EL PAíS › OPINION

El futuro de una experiencia política

 Por Edgardo Mocca

“El kirchnerismo no es solamente una persona.” Lo afirmó la Presidenta en la entrevista realizada con Jorge Rial. Un problema de salud de Cristina y la implacable operación psicológico-política puesta en marcha por la maquinaria mediática dominante hicieron que durante un par de días se generara en el país un tenso clima político. La constelación desestabilizadora mezcló aviesamente las barajas de la realidad y retóricamente convirtió una dolencia real e importante de la Presidenta en una muestra de debilidad política personal y en una crisis institucional del país. Lo que de todos modos quedó muy claro es la centralidad del liderazgo nacional de la Presidenta entre quienes la apoyan tanto como entre quienes la resisten.

Pero la frase de Cristina seguía: “El kirchnerismo es una construcción política que abreva en el peronismo pero incorpora también otros sectores que se identifican con una visión del país y del mundo”. No es exagerado decir que alrededor de esta afirmación, a su favor y en su contra, circuló buena parte del debate político de estos últimos años y que también a su alrededor se definirá la batalla política principal en la Argentina actual. Mirando hacia atrás aparece claro que ya desde la asunción de Néstor Kirchner se discute en el país si el kirchnerismo tiene detrás suyo un sentido de época y una proyección futura o es algo así como una forma circunstancial de conducción peronista y de gestión estatal.

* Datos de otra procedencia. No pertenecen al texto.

(* Let $b>-1$, $b\neq0$, and let $C$ be the curve $y^2+(x^2-1)(x^2+b)=0$; write this equation as $y^2+x^4+Ax^2+B=0$ (so $A=b-1$, $B=-b$). Then the convex hull of $C(\mathbb{R})$ in $\mathbb{R}^2$ is the set of $(x,y)\in\mathbb{R}^2$ for which there exist $u_2,u_3,u_4,v_1,v_2\in\mathbb{R}$ such that $$\begin{pmatrix}1&x&u_2&y\\ x&u_2&u_3&v_1\\ u_2&u_3&u_4&v_2\\ y&v_1&v_2&-B-Au_2-u_4\end{pmatrix}\succeq0.$$
   Context: $S\succeq0$ means the real symmetric matrix $S$ is positive semidefinite. *)

theory Defs
  imports "HOL-Analysis.Analysis"
begin

definition psd :: "nat \<Rightarrow> (nat \<Rightarrow> nat \<Rightarrow> real) \<Rightarrow> bool" where
  "psd n M \<longleftrightarrow> (\<forall>i<n. \<forall>j<n. M i j = M j i) \<and>
     (\<forall>v :: nat \<Rightarrow> real. 0 \<le> (\<Sum>i<n. \<Sum>j<n. v i * M i j * v j))"

definition mat_of_rows :: "real list list \<Rightarrow> nat \<Rightarrow> nat \<Rightarrow> real" where
  "mat_of_rows rs i j = rs ! i ! j"

end

theory Submission
  imports Defs
begin

text \<open>
  The shadow S is the set of (x, y) admitting a positive
  semidefinite moment matrix M(x, y, u2, u3, u4, v1, v2) indexed by the monomials 1, x, x^2, y,
  with the entry for y^2 replaced by the value -B - A u2 - u4 forced by the curve equation.

  The inclusion conv C \<subseteq> S holds because S is convex (psd matrices form a convex cone
  and M is affine in its parameters) and every curve point lies in S (its moment matrix is
  the rank-one matrix z z^T with z = (1, x, x^2, y)).  Conversely, 2 x 2 principal minors of
  a psd moment matrix give x^2 \<le> u2 and y^2 \<le> g(u2) := -B - A u2 - u2^2; hence the four
  points (+-sqrt u2, +-sqrt g(u2)) lie on C, and (x, y) lies in the rectangle they span.
  None of this depends on A and B, so the identity conv C = S holds for every quartic of
  this shape.
\<close>

lemma psd_cong:
  assumes "\<And>i j. i < n \<Longrightarrow> j < n \<Longrightarrow> M i j = N i j"
  shows "psd n M \<longleftrightarrow> psd n N"
proof -
  have "(\<Sum>i<n. \<Sum>j<n. v i * M i j * v j) = (\<Sum>i<n. \<Sum>j<n. v i * N i j * v j)" for v
    using assms by (intro sum.cong) auto
  then show ?thesis using assms unfolding psd_def by auto
qed

text \<open>Rank-one matrices z z^T are psd: their quadratic form is (v . z)^2.\<close>
lemma psd_outer: "psd n (\<lambda>i j. z i * z j)"
proof -
  have "(\<Sum>i<n. \<Sum>j<n. v i * (z i * z j) * v j) = (\<Sum>i<n. v i * z i)\<^sup>2" for v :: "nat \<Rightarrow> real"
    by (simp add: power2_eq_square sum_product algebra_simps)
  then show ?thesis unfolding psd_def by simp
qed

lemma psd_convex_comb:
  assumes "psd n M" "psd n N" "0 \<le> t" "t \<le> 1"
  shows "psd n (\<lambda>i j. (1 - t) * M i j + t * N i j)"
proof -
  have "(\<Sum>i<n. \<Sum>j<n. v i * ((1 - t) * M i j + t * N i j) * v j)
      = (1 - t) * (\<Sum>i<n. \<Sum>j<n. v i * M i j * v j) + t * (\<Sum>i<n. \<Sum>j<n. v i * N i j * v j)"
    for v :: "nat \<Rightarrow> real"
  proof -
    have "v i * ((1 - t) * M i j + t * N i j) * v j
        = (1 - t) * (v i * M i j * v j) + t * (v i * N i j * v j)" for i j
      by (simp add: algebra_simps)
    then show ?thesis by (simp only: sum.distrib sum_distrib_left)
  qed
  then show ?thesis using assms unfolding psd_def by simp
qed

lemma psd_principal_2x2:
  assumes "psd n M" "i < n" "j < n" "i \<noteq> j"
  shows "0 \<le> a\<^sup>2 * M i i + 2 * a * c * M i j + c\<^sup>2 * M j j"
proof -
  define v where "v = (\<lambda>l. if l = i then a else if l = j then c else 0)"
  have row: "(\<Sum>l<n. v k * M k l * v l) = v k * M k i * a + v k * M k j * c" for k
  proof -
    have "(\<Sum>l<n. v k * M k l * v l) = (\<Sum>l\<in>{i, j}. v k * M k l * v l)"
      by (rule sum.mono_neutral_right) (use assms in \<open>auto simp: v_def\<close>)
    then show ?thesis using assms by (simp add: v_def)
  qed
  have "0 \<le> (\<Sum>k<n. \<Sum>l<n. v k * M k l * v l)"
    using assms(1) by (simp add: psd_def)
  also have "(\<Sum>k<n. \<Sum>l<n. v k * M k l * v l) = (\<Sum>k\<in>{i, j}. \<Sum>l<n. v k * M k l * v l)"
    by (rule sum.mono_neutral_right) (use assms in \<open>auto simp: v_def\<close>)
  also have "\<dots> = a\<^sup>2 * M i i + 2 * a * c * M i j + c\<^sup>2 * M j j"
    using assms unfolding row psd_def by (simp add: v_def power2_eq_square algebra_simps)
  finally show ?thesis .
qed

lemma psd_entry_sq_le:
  assumes "psd n M" "k < n" "k \<noteq> 0" "M 0 0 = 1"
  shows "(M 0 k)\<^sup>2 \<le> M k k"
  using psd_principal_2x2[OF assms(1) _ assms(2), of 0 "- M 0 k" 1] assms
  by (simp add: power2_eq_square)

lemma convex_line_segment:
  fixes K :: "'a::real_vector set"
  assumes "convex K" "p + a *\<^sub>R d \<in> K" "p + c *\<^sub>R d \<in> K" "a \<le> t" "t \<le> c"
  shows "p + t *\<^sub>R d \<in> K"
proof (cases "a = c")
  case True
  then show ?thesis using assms by simp
next
  case False
  define u where "u = (t - a) / (c - a)"
  have u: "0 \<le> u" "u \<le> 1" using assms False by (auto simp: u_def field_simps)
  have "u * (c - a) = t - a" using False by (simp add: u_def)
  then have "(1 - u) * a + u * c = t" by (simp add: algebra_simps)
  then have "(1 - u) *\<^sub>R (p + a *\<^sub>R d) + u *\<^sub>R (p + c *\<^sub>R d) = p + t *\<^sub>R d"
    by (simp add: algebra_simps flip: scaleR_add_left)
  then show ?thesis using convexD[OF assms(1-3) _ _, of "1 - u" u] u by simp
qed

text \<open>A convex set in the plane containing the corners (+-X, +-Y) of a rectangle contains the whole
  rectangle: first along the horizontal edges, then along the vertical segment through (x, y).\<close>
lemma convex_contains_box:
  fixes K :: "(real \<times> real) set"
  assumes "convex K" "(X, Y) \<in> K" "(- X, Y) \<in> K" "(X, - Y) \<in> K" "(- X, - Y) \<in> K"
    and "\<bar>x\<bar> \<le> X" "\<bar>y\<bar> \<le> Y"
  shows "(x, y) \<in> K"
proof -
  have horizontal: "(x, c) \<in> K" if "(- X, c) \<in> K" "(X, c) \<in> K" for c
    using convex_line_segment[OF assms(1), of "(0, c)" "- X" "(1, 0)" X x] that assms(6) by simp
  show ?thesis
    using convex_line_segment[OF assms(1), of "(x, 0)" "- Y" "(0, 1)" Y y]
      horizontal assms by simp
qed

definition quartic_curve :: "real \<Rightarrow> real \<Rightarrow> (real \<times> real) set" where
  "quartic_curve A B = {(x, y). y\<^sup>2 + x ^ 4 + A * x\<^sup>2 + B = 0}"

text \<open>The moment matrix indexed by 1, x, x^2, y, with the y^2 entry eliminated via the curve equation.\<close>
definition moment_matrix ::
    "real \<Rightarrow> real \<Rightarrow> real \<Rightarrow> real \<Rightarrow> real \<Rightarrow> real \<Rightarrow> real \<Rightarrow> real \<Rightarrow> real \<Rightarrow> nat \<Rightarrow> nat \<Rightarrow> real"
  where "moment_matrix A B x y u2 u3 u4 v1 v2 = mat_of_rows
     [[1,  x,  u2, y],
      [x,  u2, u3, v1],
      [u2, u3, u4, v2],
      [y,  v1, v2, - B - A * u2 - u4]]"

definition moment_shadow :: "real \<Rightarrow> real \<Rightarrow> (real \<times> real) set" where
  "moment_shadow A B =
     {(x, y). \<exists>u2 u3 u4 v1 v2. psd 4 (moment_matrix A B x y u2 u3 u4 v1 v2)}"

lemma less_4_cases: "(i::nat) < 4 \<Longrightarrow> i = 0 \<or> i = 1 \<or> i = 2 \<or> i = 3"
  by auto

text \<open>Each curve point lifts to its rank-one moment matrix.\<close>
lemma quartic_curve_subset_shadow: "quartic_curve A B \<subseteq> moment_shadow A B"
proof
  fix p assume "p \<in> quartic_curve A B"
  then obtain x y where p: "p = (x, y)" and on_curve: "y\<^sup>2 + x ^ 4 + A * x\<^sup>2 + B = 0"
    by (auto simp: quartic_curve_def)
  define z where "z = (!) [1, x, x\<^sup>2, y]"
  have "- B - A * x\<^sup>2 - x ^ 4 = y * y"
    using on_curve by (simp add: power2_eq_square)
  then have entries: "moment_matrix A B x y (x\<^sup>2) (x ^ 3) (x ^ 4) (x * y) (x\<^sup>2 * y) i j = z i * z j"
    if "i < 4" "j < 4" for i j
    using less_4_cases[OF that(1)] less_4_cases[OF that(2)]
    by (auto simp: moment_matrix_def mat_of_rows_def z_def power2_eq_square
        power3_eq_cube power4_eq_xxxx)
  then have "psd 4 (moment_matrix A B x y (x\<^sup>2) (x ^ 3) (x ^ 4) (x * y) (x\<^sup>2 * y))"
    using psd_outer[of 4 z] by (subst psd_cong[OF entries])
  then show "p \<in> moment_shadow A B"
    unfolding p moment_shadow_def by blast
qed

text \<open>The shadow is convex, since the moment matrix is affine in all its parameters.\<close>
lemma convex_moment_shadow: "convex (moment_shadow A B)"
  unfolding convex_alt
proof (intro ballI allI impI)
  fix p q and t :: real
  assume "p \<in> moment_shadow A B" "q \<in> moment_shadow A B" and t: "0 \<le> t \<and> t \<le> 1"
  then obtain x y u2 u3 u4 v1 v2 x' y' u2' u3' u4' v1' v2'
    where pq: "p = (x, y)" "q = (x', y')"
      and M: "psd 4 (moment_matrix A B x y u2 u3 u4 v1 v2)"
      and N: "psd 4 (moment_matrix A B x' y' u2' u3' u4' v1' v2')"
    unfolding moment_shadow_def by blast
  define c where "c a a' = (1 - t) * a + t * a'" for a a' :: real
  have entries: "moment_matrix A B (c x x') (c y y') (c u2 u2') (c u3 u3') (c u4 u4') (c v1 v1') (c v2 v2') i j
      = (1 - t) * moment_matrix A B x y u2 u3 u4 v1 v2 i j
        + t * moment_matrix A B x' y' u2' u3' u4' v1' v2' i j"
    if "i < 4" "j < 4" for i j
    using less_4_cases[OF that(1)] less_4_cases[OF that(2)]
    by (auto simp: moment_matrix_def mat_of_rows_def c_def algebra_simps)
  have "psd 4 (moment_matrix A B (c x x') (c y y') (c u2 u2') (c u3 u3') (c u4 u4')
      (c v1 v1') (c v2 v2'))"
    using psd_convex_comb[OF M N] t by (subst psd_cong[OF entries]) auto
  moreover have "(1 - t) *\<^sub>R p + t *\<^sub>R q = (c x x', c y y')"
    unfolding pq c_def by simp
  ultimately show "(1 - t) *\<^sub>R p + t *\<^sub>R q \<in> moment_shadow A B"
    unfolding moment_shadow_def by fastforce
qed

text \<open>The relaxation bounds: x^2 \<le> u2 and, using u2^2 \<le> u4, y^2 \<le> -B - A u2 - u2^2.\<close>
lemma moment_matrix_bounds:
  assumes "psd 4 (moment_matrix A B x y u2 u3 u4 v1 v2)"
  shows "x\<^sup>2 \<le> u2" "y\<^sup>2 \<le> - B - A * u2 - u2\<^sup>2"
proof -
  have entry: "(moment_matrix A B x y u2 u3 u4 v1 v2 0 k)\<^sup>2 \<le> moment_matrix A B x y u2 u3 u4 v1 v2 k k"
    if "k < 4" "k \<noteq> 0" for k
    using psd_entry_sq_le[OF assms that] by (simp add: moment_matrix_def mat_of_rows_def)
  from entry[of 1] show "x\<^sup>2 \<le> u2" by (simp add: moment_matrix_def mat_of_rows_def)
  from entry[of 2] have "u2\<^sup>2 \<le> u4" by (simp add: moment_matrix_def mat_of_rows_def)
  moreover from entry[of 3] have "y\<^sup>2 \<le> - B - A * u2 - u4"
    by (simp add: moment_matrix_def mat_of_rows_def numeral_3_eq_3)
  ultimately show "y\<^sup>2 \<le> - B - A * u2 - u2\<^sup>2" by linarith
qed

text \<open>Conversely, every shadow point lies in the rectangle spanned by four curve points.\<close>
lemma moment_shadow_subset_hull: "moment_shadow A B \<subseteq> convex hull (quartic_curve A B)"
proof
  fix p assume "p \<in> moment_shadow A B"
  then obtain x y u2 u3 u4 v1 v2 where p: "p = (x, y)"
    and M: "psd 4 (moment_matrix A B x y u2 u3 u4 v1 v2)"
    unfolding moment_shadow_def by blast
  define g where "g = - B - A * u2 - u2\<^sup>2"
  have x_le: "x\<^sup>2 \<le> u2" and y_le: "y\<^sup>2 \<le> g"
    using moment_matrix_bounds[OF M] by (simp_all add: g_def)
  have "0 \<le> u2" "0 \<le> g"
    using x_le y_le zero_le_power2[of x] zero_le_power2[of y] by linarith+
  define X Y where "X = sqrt u2" and "Y = sqrt g"
  have X2: "X\<^sup>2 = u2" and Y2: "Y\<^sup>2 = g"
    using \<open>0 \<le> u2\<close> \<open>0 \<le> g\<close> by (simp_all add: X_def Y_def)
  have corner: "(s, t) \<in> convex hull (quartic_curve A B)" if "s\<^sup>2 = u2" "t\<^sup>2 = g" for s t
  proof (rule hull_inc)
    have "s ^ 4 = (s\<^sup>2)\<^sup>2" by (simp add: power4_eq_xxxx power2_eq_square)
    then show "(s, t) \<in> quartic_curve A B"
      using that by (simp add: quartic_curve_def g_def)
  qed
  have neg: "(- X)\<^sup>2 = u2" "(- Y)\<^sup>2 = g"
    using X2 Y2 by simp_all
  have bounds: "\<bar>x\<bar> \<le> X" "\<bar>y\<bar> \<le> Y"
    using real_sqrt_le_mono[OF x_le] real_sqrt_le_mono[OF y_le] by (simp_all add: X_def Y_def)
  show "p \<in> convex hull (quartic_curve A B)"
    unfolding p using convex_contains_box[OF convex_convex_hull corner[OF X2 Y2]
      corner[OF neg(1) Y2] corner[OF X2 neg(2)] corner[OF neg] bounds] .
qed

theorem convex_hull_quartic_curve:
  "convex hull (quartic_curve A B) = moment_shadow A B"
  by (intro subset_antisym hull_minimal quartic_curve_subset_shadow convex_moment_shadow
      moment_shadow_subset_hull)

theorem mainTheorem11:
  fixes b A B :: real
  assumes "b > -1" and "b \<noteq> 0"
    and "A = b - 1" and "B = - b"
  shows "convex hull {(x::real, y::real). y^2 + (x^2 - 1) * (x^2 + b) = 0}
       = {(x::real, y::real). \<exists>u2 u3 u4 v1 v2 :: real.
            psd 4 (mat_of_rows
              [[1,  x,  u2, y],
               [x,  u2, u3, v1],
               [u2, u3, u4, v2],
               [y,  v1, v2, - B - A * u2 - u4]])}"
proof -
  have curve_eq: "y^2 + (x^2 - 1) * (x^2 + b) = y\<^sup>2 + x ^ 4 + A * x\<^sup>2 + B" for x y :: real
    unfolding assms(3,4) by (simp add: algebra_simps power2_eq_square power4_eq_xxxx)
  have "{(x::real, y::real). y^2 + (x^2 - 1) * (x^2 + b) = 0} = quartic_curve A B"
    by (simp only: quartic_curve_def curve_eq)
  moreover have "{(x::real, y::real). \<exists>u2 u3 u4 v1 v2 :: real.
            psd 4 (mat_of_rows
              [[1,  x,  u2, y],
               [x,  u2, u3, v1],
               [u2, u3, u4, v2],
               [y,  v1, v2, - B - A * u2 - u4]])} = moment_shadow A B"
    by (simp add: moment_shadow_def moment_matrix_def)
  ultimately show ?thesis using convex_hull_quartic_curve by simp
qed

end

En la actual coyuntura, el dilema encierra en su interior nada más y nada menos que el futuro del peronismo, lo que equivale a decir la configuración del sistema político argentino en su conjunto. El cuestionamiento a la afirmación presidencial une significativamente a la derecha y a cierto progresismo: el sentido que el kirchnerismo se atribuye a sí mismo es pura manipulación ideológica, un simulacro político; la esencia del kirchnerismo es un modo de ejercer el poder –concentrador, arbitrario o directamente autoritario– y su relato es pura demagogia para consumo de incautos, lo que, como se ve, no solamente constituye un juicio sobre el liderazgo político sino que incluye una descalificación intelectual de quienes compartimos el rumbo del país en estos años. A partir de esta coincidencia transversal se abren los caminos: para la derecha, el rostro real detrás de la maquinaria es estatista, dilapidador y opresivo de la iniciativa privada; para los progresistas opositores es conciliador con los poderosos y políticamente conservador.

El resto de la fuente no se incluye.